[Source data]
(* Let Assumption 1 hold with some $\delta\in(0,1]$. Let $A\ge1$, define $\alpha$ by $$\alpha=2L\Big\{1-\Phi\big(A\sqrt{2\log L}\big)\Big\}+2A_0\frac{\big(1+A\sqrt{2\log L}\big)^{1+\delta}}{L^{A^2-1}d_{n,\delta}^{2+\delta}},$$ set $r=A\sqrt{2\log(L)/n}$, and assume $L\le\exp(d_{n,\delta}^2/(2A^2))$. Then with probability at least $1-\alpha$, every solution $(\widehat\beta,\widehat\sigma)$ of the STIV problem (with this $r$ and constant $c\in(0,1)$) satisfies, for all $p\in[1,\infty]$, $$\big|{\bf D_X}^{-1}(\widehat\beta-\beta^* )\big|_p\le\frac{2\widehat\sigma r}{\kappa_{p,J(\beta^* )}}\left(1-\frac{r}{\kappa^*_{J_{\rm end},J(\beta^* )}}-\frac{r^2}{\kappa^*_{J_{\rm end}^c,J(\beta^* )}}\right)_+^{-1},$$ for all $k=1,\dots,K$, $$|\widehat\beta_k-\beta^*_k|\le\frac{2\widehat\sigma r}{x_{k*}\kappa^*_{k,J(\beta^* )}}\left(1-\frac{r}{\kappa^*_{J_{\rm end},J(\beta^* )}}-\frac{r^2}{\kappa^*_{J_{\rm end}^c,J(\beta^* )}}\right)_+^{-1},$$ and $$\widehat\sigma\le\sqrt{\widehat Q(\beta^* )}\left(1+\frac{r}{c\,\kappa^*_{J(\beta^* ),J(\beta^* )}}\right)\left(1-\frac{r}{c\,\kappa^*_{J(\beta^* ),J(\beta^* )}}\right)_+^{-1}.$$
   Context: Setting: integers $n,K,L$ with $L\ge K$, and $k_{\rm end}\in\{0,\dots,K\}$. For $i=1,\dots,n$ one observes $(y_i,x_i,z_i)$, $y_i\in\mathbb R$, $x_i=(x_{1i},\dots,x_{Ki})^T\in\mathbb R^K$, $z_i=(z_{1i},\dots,z_{Li})^T\in\mathbb R^L$, with $y_i=x_i^T\beta^*+u_i$ for an unknown $\beta^*\in\mathbb R^K$ and unobserved errors $u_i$; the vectors $(y_i,x_i,z_i,u_i)$, $i=1,\dots,n$, are mutually independent (not necessarily identically distributed). $J_{\rm end}=\{1,\dots,k_{\rm end}\}$ (endogenous regressors), $J_{\rm end}^c=\{k_{\rm end}+1,\dots,K\}$, and exogenous regressors are their own instruments: $z_{li}=x_{(k_{\rm end}+l)i}$ for $l=1,\dots,K-k_{\rm end}$. ${\bf Y}=(y_1,\dots,y_n)^T$, ${\bf X}$, ${\bf Z}$ are the $n\times K$, $n\times L$ matrices with rows $x_i^T$, $z_i^T$. $x_{k*}=\max_i|x_{ki}|$, $z_{l*}=\max_i|z_{li}|$ (assumed positive); ${\bf D_X}={\rm diag}(x_{1*}^{-1},\dots,x_{K*}^{-1})$, ${\bf D_Z}={\rm diag}(z_{1*}^{-1},\dots,z_{L*}^{-1})$; $\Psi_n=\frac1n{\bf D_Z}{\bf Z}^T{\bf X}{\bf D_X}$. $\widehat Q(\beta)=\frac1n\sum_i(y_i-x_i^T\beta)^2$. Notation: $J(\beta)=\{k:\beta_k\ne0\}$; for $\Delta\in\mathbb R^K$, $\Delta_J$ has coordinates $\Delta_k\mathbf 1\{k\in J\}$; $J^c$ complement; $|\cdot|_p$ the $\ell_p$ norm; $a_+=\max(a,0)$, $(a)_+^{-1}=1/a_+$, $a/0=\infty$ for $a>0$, $1/\infty=0$, $0/0=0$. Sensitivities (for $c\in(0,1)$): $C_J=\{\Delta: |\Delta_{J^c}|_1\le\frac{1+c}{1-c}|\Delta_J|_1\}$; $\kappa_{p,J}=\inf\{|\Psi_n\Delta|_\infty:\Delta\in C_J,|\Delta|_p=1\}$; $\kappa^*_{J_0,J}=\inf\{|\Psi_n\Delta|_\infty:\Delta\in C_J,|\Delta_{J_0}|_1=1\}$ with $\kappa^*_{\varnothing,J}=\infty$; $\kappa^*_{k,J}=\kappa^*_{\{k\},J}$. STIV estimator: for $r>0$ and $c\in(0,1)$, let $\widehat{\mathcal I}=\{(\beta,\sigma)\in\mathbb R^K\times(0,\infty): |\frac1n{\bf D_Z}{\bf Z}^T({\bf Y}-{\bf X}\beta)|_\infty\le\sigma r,\ \widehat Q(\beta)\le\sigma^2\}$; a STIV estimator is any minimizer $(\widehat\beta,\widehat\sigma)$ of $|{\bf D_X}^{-1}\beta|_1+c\sigma$ over $\widehat{\mathcal I}$. Assumption 1: for all $i,l$: $\mathbb E[|z_{li}u_i|^{2+\delta}]<\infty$, $\mathbb E[z_{li}u_i]=0$, and $z_{li}u_i$ is not a.s. zero. $d_{n,\delta}=\min_{l}\sqrt{\sum_i\mathbb E[z_{li}^2u_i^2]}\big/\big(\sum_i\mathbb E|z_{li}u_i|^{2+\delta}\big)^{1/(2+\delta)}$. $\Phi$ is the standard normal c.d.f., and $A_0>0$ is the absolute constant of the Jing–Shao–Wang moderate deviation bound: for independent mean-zero $X_1,\dots,X_n$ with $0<\mathbb E|X_i|^{2+\delta}<\infty$, $S_n=\sum X_i$, $V_n^2=\sum X_i^2$, $B_n^2=\sum\mathbb E X_i^2$, $d=B_n/(\sum\mathbb E|X_i|^{2+\delta})^{1/(2+\delta)}$, one has $|\mathbb P(S_n/V_n\ge x)-(1-\Phi(x))|\le A_0(1+x)^{1+\delta}e^{-x^2/2}/d^{2+\delta}$ for $0\le x\le d$. *)

theory Defs
  imports "HOL-Probability.Probability"
begin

PROMPT: Output every line from the records, exactly as written.

SOLUTION FOR THIS TASK:
(* Let Assumption 1 hold with some $\delta\in(0,1]$. Let $A\ge1$, define $\alpha$ by $$\alpha=2L\Big\{1-\Phi\big(A\sqrt{2\log L}\big)\Big\}+2A_0\frac{\big(1+A\sqrt{2\log L}\big)^{1+\delta}}{L^{A^2-1}d_{n,\delta}^{2+\delta}},$$ set $r=A\sqrt{2\log(L)/n}$, and assume $L\le\exp(d_{n,\delta}^2/(2A^2))$. Then with probability at least $1-\alpha$, every solution $(\widehat\beta,\widehat\sigma)$ of the STIV problem (with this $r$ and constant $c\in(0,1)$) satisfies, for all $p\in[1,\infty]$, $$\big|{\bf D_X}^{-1}(\widehat\beta-\beta^* )\big|_p\le\frac{2\widehat\sigma r}{\kappa_{p,J(\beta^* )}}\left(1-\frac{r}{\kappa^*_{J_{\rm end},J(\beta^* )}}-\frac{r^2}{\kappa^*_{J_{\rm end}^c,J(\beta^* )}}\right)_+^{-1},$$ for all $k=1,\dots,K$, $$|\widehat\beta_k-\beta^*_k|\le\frac{2\widehat\sigma r}{x_{k*}\kappa^*_{k,J(\beta^* )}}\left(1-\frac{r}{\kappa^*_{J_{\rm end},J(\beta^* )}}-\frac{r^2}{\kappa^*_{J_{\rm end}^c,J(\beta^* )}}\right)_+^{-1},$$ and $$\widehat\sigma\le\sqrt{\widehat Q(\beta^* )}\left(1+\frac{r}{c\,\kappa^*_{J(\beta^* ),J(\beta^* )}}\right)\left(1-\frac{r}{c\,\kappa^*_{J(\beta^* ),J(\beta^* )}}\right)_+^{-1}.$$
   Context: Setting: integers $n,K,L$ with $L\ge K$, and $k_{\rm end}\in\{0,\dots,K\}$. For $i=1,\dots,n$ one observes $(y_i,x_i,z_i)$, $y_i\in\mathbb R$, $x_i=(x_{1i},\dots,x_{Ki})^T\in\mathbb R^K$, $z_i=(z_{1i},\dots,z_{Li})^T\in\mathbb R^L$, with $y_i=x_i^T\beta^*+u_i$ for an unknown $\beta^*\in\mathbb R^K$ and unobserved errors $u_i$; the vectors $(y_i,x_i,z_i,u_i)$, $i=1,\dots,n$, are mutually independent (not necessarily identically distributed). $J_{\rm end}=\{1,\dots,k_{\rm end}\}$ (endogenous regressors), $J_{\rm end}^c=\{k_{\rm end}+1,\dots,K\}$, and exogenous regressors are their own instruments: $z_{li}=x_{(k_{\rm end}+l)i}$ for $l=1,\dots,K-k_{\rm end}$. ${\bf Y}=(y_1,\dots,y_n)^T$, ${\bf X}$, ${\bf Z}$ are the $n\times K$, $n\times L$ matrices with rows $x_i^T$, $z_i^T$. $x_{k*}=\max_i|x_{ki}|$, $z_{l*}=\max_i|z_{li}|$ (assumed positive); ${\bf D_X}={\rm diag}(x_{1*}^{-1},\dots,x_{K*}^{-1})$, ${\bf D_Z}={\rm diag}(z_{1*}^{-1},\dots,z_{L*}^{-1})$; $\Psi_n=\frac1n{\bf D_Z}{\bf Z}^T{\bf X}{\bf D_X}$. $\widehat Q(\beta)=\frac1n\sum_i(y_i-x_i^T\beta)^2$. Notation: $J(\beta)=\{k:\beta_k\ne0\}$; for $\Delta\in\mathbb R^K$, $\Delta_J$ has coordinates $\Delta_k\mathbf 1\{k\in J\}$; $J^c$ complement; $|\cdot|_p$ the $\ell_p$ norm; $a_+=\max(a,0)$, $(a)_+^{-1}=1/a_+$, $a/0=\infty$ for $a>0$, $1/\infty=0$, $0/0=0$. Sensitivities (for $c\in(0,1)$): $C_J=\{\Delta: |\Delta_{J^c}|_1\le\frac{1+c}{1-c}|\Delta_J|_1\}$; $\kappa_{p,J}=\inf\{|\Psi_n\Delta|_\infty:\Delta\in C_J,|\Delta|_p=1\}$; $\kappa^*_{J_0,J}=\inf\{|\Psi_n\Delta|_\infty:\Delta\in C_J,|\Delta_{J_0}|_1=1\}$ with $\kappa^*_{\varnothing,J}=\infty$; $\kappa^*_{k,J}=\kappa^*_{\{k\},J}$. STIV estimator: for $r>0$ and $c\in(0,1)$, let $\widehat{\mathcal I}=\{(\beta,\sigma)\in\mathbb R^K\times(0,\infty): |\frac1n{\bf D_Z}{\bf Z}^T({\bf Y}-{\bf X}\beta)|_\infty\le\sigma r,\ \widehat Q(\beta)\le\sigma^2\}$; a STIV estimator is any minimizer $(\widehat\beta,\widehat\sigma)$ of $|{\bf D_X}^{-1}\beta|_1+c\sigma$ over $\widehat{\mathcal I}$. Assumption 1: for all $i,l$: $\mathbb E[|z_{li}u_i|^{2+\delta}]<\infty$, $\mathbb E[z_{li}u_i]=0$, and $z_{li}u_i$ is not a.s. zero. $d_{n,\delta}=\min_{l}\sqrt{\sum_i\mathbb E[z_{li}^2u_i^2]}\big/\big(\sum_i\mathbb E|z_{li}u_i|^{2+\delta}\big)^{1/(2+\delta)}$. $\Phi$ is the standard normal c.d.f., and $A_0>0$ is the absolute constant of the Jing–Shao–Wang moderate deviation bound: for independent mean-zero $X_1,\dots,X_n$ with $0<\mathbb E|X_i|^{2+\delta}<\infty$, $S_n=\sum X_i$, $V_n^2=\sum X_i^2$, $B_n^2=\sum\mathbb E X_i^2$, $d=B_n/(\sum\mathbb E|X_i|^{2+\delta})^{1/(2+\delta)}$, one has $|\mathbb P(S_n/V_n\ge x)-(1-\Phi(x))|\le A_0(1+x)^{1+\delta}e^{-x^2/2}/d^{2+\delta}$ for $0\le x\le d$. *)

theory Defs
  imports "HOL-Probability.Probability"
begin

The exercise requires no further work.